TOKYO Japan's Nikkei average shed 1.2 percent on Friday, retreating from Thursday's three-month closing high as investors locked in gains as expectations for quick stimulus measures from the U.S. Federal Reserve began to dim.
Speaking separately over the past day, St. Louis Fed President James Bullard, regarded as a policy centrist, played down chances of imminent easing to bolster the U.S. economy, while Chicago Fed President Charles Evans, a policy dove, supported taking more action.
Neither official has a vote on the Fed's policy-making committee.
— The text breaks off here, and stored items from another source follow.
(* Let $\mathcal{X}=\mathcal{X}_1\times\cdots\times\mathcal{X}_d$, $\sigma>0$, and $\mathcal{Q}:\mathcal{X}\to\mathbb{R}^m$. Define $\Delta=\sup\{\|\mathcal{Q}(u)-\mathcal{Q}(v)\|_2: u,v\in\mathcal{X}\}$ and $\Delta_0=\sup\{\|\mathcal{Q}(u)-\mathcal{Q}(v)\|_2:u,v\in\mathcal{X},\|u-v\|_0\le1\}$. Define $M:\mathcal{X}^n\to\mathbb{R}^m$ as follows: on input $x\in\mathcal{X}^n$, compute $\mathcal{Q}(x)=\frac1n\sum_{i=1}^n\mathcal{Q}(x_i)$, sample $Y\sim\mathcal{N}(\mathcal{Q}(x),\sigma^2I)$, and output $\hat Y=\arg\min_{y\in \mathrm{conv}(\{\mathcal{Q}(u):u\in\mathcal{X}\})}\|y-Y\|_2$. Then $M$ simultaneously satisfies $\frac12\varepsilon^2$-zCDP and $\varepsilon_0$-$\nabla_0$CDP with $\varepsilon=\frac{\Delta}{\sigma n}$ and $\varepsilon_0=\frac{\Delta_0}{\sigma n}$. Furthermore, for all $x\in\mathcal{X}^n$, $$\mathbb{E}\left[\frac1m\|M(x)-\mathcal{Q}(x)\|_2^2\right]\le\min\left\{\sigma^2,\ \frac{\sigma\cdot\Delta\cdot\sqrt{2\log|\mathcal{X}|}}{m}\right\}$$ (where the second term is read as $+\infty$ if $\mathcal{X}$ is infinite).
   Context: $\mathrm{conv}$ denotes convex hull; $\|u-v\|_0=|\{j\in[d]:u_j\ne v_j\}|$. Rényi divergence $D_\lambda(P\|Q)=\frac{1}{\lambda-1}\log\mathbb{E}_{X\sim P}[(P(X)/Q(X))^{\lambda-1}]$ and $D_*(P\|Q)=\sup_{\lambda>1}\frac1\lambda D_\lambda(P\|Q)$. $M$ is $\frac12\varepsilon^2$-zCDP if $D_*(M(x)\|M(x'))\le\frac12\varepsilon^2$ for all $x,x'\in\mathcal{X}^n$ differing in a single entry. $M$ is $\varepsilon_0$-$\nabla_0$CDP if for all $x,x'\in\mathcal{X}^n$ differing only in entry $i$, $D_*(M(x)\|M(x'))\le\frac12\varepsilon_0^2\|x_i-x'_i\|_0^2$. *)

theory Defs
  imports "HOL-Probability.Probability"
begin

text \<open>Hamming distance on points of a d-fold product (points are functions on {..<d}).\<close>
definition hamming :: "nat \<Rightarrow> (nat \<Rightarrow> 'a) \<Rightarrow> (nat \<Rightarrow> 'a) \<Rightarrow> nat" where
  "hamming d u v = card {j \<in> {..<d}. u j \<noteq> v j}"

text \<open>Renyi divergence D_lambda(P||Q) (value in ereal; infinite if P is not
  absolutely continuous w.r.t. Q or the moment is infinite). P(X)/Q(X) is the
  Radon-Nikodym derivative dP/dQ = RN_deriv Q P.\<close>
definition renyi_div :: "real \<Rightarrow> 'a measure \<Rightarrow> 'a measure \<Rightarrow> ereal" where
  "renyi_div lam P Q =
     (if absolutely_continuous Q P \<and> sets P = sets Q then
        (let E = (\<integral>\<^sup>+ x. ennreal ((enn2real (RN_deriv Q P x)) powr (lam - 1)) \<partial>P) in
         if E = \<infinity> then \<infinity> else ereal (ln (enn2real E) / (lam - 1)))
      else \<infinity>)"

definition renyi_star :: "'a measure \<Rightarrow> 'a measure \<Rightarrow> ereal" where
  "renyi_star P Q = (SUP lam \<in> {1<..}. renyi_div lam P Q / ereal lam)"

text \<open>Neighbouring datasets in X^n (datasets are functions on {..<n}).\<close>
definition neighbours :: "nat \<Rightarrow> nat \<Rightarrow> (nat \<Rightarrow> 'b) \<Rightarrow> (nat \<Rightarrow> 'b) \<Rightarrow> bool" where
  "neighbours n i x x' \<longleftrightarrow> i < n \<and> (\<forall>j<n. j \<noteq> i \<longrightarrow> x j = x' j)"

definition zCDP :: "'b set \<Rightarrow> nat \<Rightarrow> ((nat \<Rightarrow> 'b) \<Rightarrow> 'c measure) \<Rightarrow> ereal \<Rightarrow> bool" where
  "zCDP X n M eps \<longleftrightarrow>
     (\<forall>x \<in> PiE {..<n} (\<lambda>_. X). \<forall>x' \<in> PiE {..<n} (\<lambda>_. X). \<forall>i.
        neighbours n i x x' \<longrightarrow> renyi_star (M x) (M x') \<le> ereal (1/2) * eps ^ 2)"

definition nabla0CDP :: "nat \<Rightarrow> (nat \<Rightarrow> 'a) set \<Rightarrow> nat \<Rightarrow> ((nat \<Rightarrow> (nat \<Rightarrow> 'a)) \<Rightarrow> 'c measure)
     \<Rightarrow> ereal \<Rightarrow> bool" where
  "nabla0CDP d X n M eps0 \<longleftrightarrow>
     (\<forall>x \<in> PiE {..<n} (\<lambda>_. X). \<forall>x' \<in> PiE {..<n} (\<lambda>_. X). \<forall>i.
        neighbours n i x x' \<longrightarrow>
          renyi_star (M x) (M x') \<le> ereal (1/2) * eps0 ^ 2 * ereal (real (hamming d (x i) (x' i)) ^ 2))"

definition gauss_measure :: "real^'m \<Rightarrow> real \<Rightarrow> (real^'m) measure" where
  "gauss_measure mu \<sigma> = density lborel (\<lambda>y. ennreal (\<Prod>i\<in>UNIV. normal_density (mu $ i) \<sigma> (y $ i)))"

definition avgQ :: "('b \<Rightarrow> real^'m) \<Rightarrow> nat \<Rightarrow> (nat \<Rightarrow> 'b) \<Rightarrow> real^'m" where
  "avgQ Q n x = (1 / real n) *\<^sub>R (\<Sum>i<n. Q (x i))"

definition proj_gauss_mech :: "'b set \<Rightarrow> ('b \<Rightarrow> real^'m) \<Rightarrow> real \<Rightarrow> nat \<Rightarrow> (nat \<Rightarrow> 'b) \<Rightarrow> (real^'m) measure" where
  "proj_gauss_mech X Q \<sigma> n x =
     distr (gauss_measure (avgQ Q n x) \<sigma>) borel (closest_point (closure (convex hull (Q ` X))))"

definition sens :: "'b set \<Rightarrow> ('b \<Rightarrow> real^'m) \<Rightarrow> ereal" where
  "sens X Q = Sup {ereal (norm (Q u - Q v)) | u v. u \<in> X \<and> v \<in> X}"

definition sens0 :: "nat \<Rightarrow> (nat \<Rightarrow> 'a) set \<Rightarrow> ((nat \<Rightarrow> 'a) \<Rightarrow> real^'m) \<Rightarrow> ereal" where
  "sens0 d X Q = Sup {ereal (norm (Q u - Q v)) | u v. u \<in> X \<and> v \<in> X \<and> hamming d u v \<le> 1}"

end

theory Submission
  imports Defs
begin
The Nikkei .N225 closed down 107.36 points at 9,070.76, breaking below its five-day moving average at 9,141.74 and its 26-week moving average at 9,146.18. The benchmark was down 1 percent this week, ending a two-week winning run.
A trader at a foreign bank said domestic investors were pocketing profits after the recent run, but that some overseas players were buying on dips.
"What we are seeing on the client side is that they are actually net long. Many (overseas) guys are trying to pick up some machinery names on weakness," the trader said.
Steelmakers .ISTEL.T shed 1.6 percent, tracking overnight weakness in their U.S. counterparts after an analyst downgraded steel producers, saying that prices for the metal will decline.
Nippon Steel Corp (5401.T), JFE Holdings Inc (5411.T) and Nisshin Steel Co 5407.T were down between 1.2 and 3.6 percent.
Other economy-sensitive sectors also came under pressure, with Nissan Motor Co (7201.T), Honda Motor Co (7267.T), TDK Corp (6762.T) and industrial robot maker Fanuc Corp (6954.T) shedding between 1.1 and 3.3 percent.
The broader Topix .TOPX index lost 1 percent to 757.23 in thin trade, with 1.19 billion shares changing hands, the second lowest level this year.
Gains in power companies .IEPNG.T, up 1.5 percent after an upbeat note from Goldman Sachs, offered the market some support.
Goldman said raising power company tariffs could be a "big positive" and that they might be able to reduce or avoid losses even without nuclear restarts.
The brokerage upgraded its ratings on Kansai Electric Power Co Inc (9503.T) and Tohoku Electric Power Co Inc (9506.T) to 'buy' from 'neutral'. The two firms jumped 5.8 and 6.1 percent respectively.
Troubled Sharp Corp (6753.T) rose 5.5 percent after it said the utilization rate at its key Sakai LCD television panel plant had jumped to 80 percent, with sources saying the company has been helped by big orders from Samsung Electronics (005930.KS), U.S. TV maker Vizio and Sony Corp (6758.T).
"Yesterday the Chinese figure was very bad, so U.S. equities went down. But the recent rally was too good for Japan," said Hisao Matsuura, equity strategist at Nomura Securities, adding that it was only natural for the market to consolidate.
Growing expectations that the European Central Bank will soon launch a bond-buying programme to bring down borrowing costs for highly-indebted nations have helped the Nikkei rebound 8.9 percent since it hit a seven-week low on July 25, leaving it up 7.3 percent so far this year.
"September is a bit worrisome because everyone is worried about what kind of message will come from the ECB. But after that no major event is expected," Matsuura said. "Investors will go back to the market and look for value stocks. This kind of action will push up the market."
WEAKER EARNINGS OUTLOOK
The outlook for Japanese companies' earnings remains weak.
According to Thomson Reuters Datastream, Japanese companies' one-month earnings momentum -- analysts' earnings upgrades minus downgrades as a total of estimates -- deteriorated to -9.1 percent from a fall of 4.8 percent last month.
Macquarie Securities lowered its 12-month Topix target by 16.3 percent to 770, a 1.7 percent upside from Friday's close, as it expected weaker earnings growth from Japanese companies.
"The first negative development relates to Japanese industrial production, which has been weak and underperforming expectations so far in 2012," it said in a report.
"The second negative development relates to forward looking indicators, such as the OECD leading indicator. Looking into 2013, spreading excess capacity across the world will lead to weakness in capital expenditure, which is a particular worry for Japan."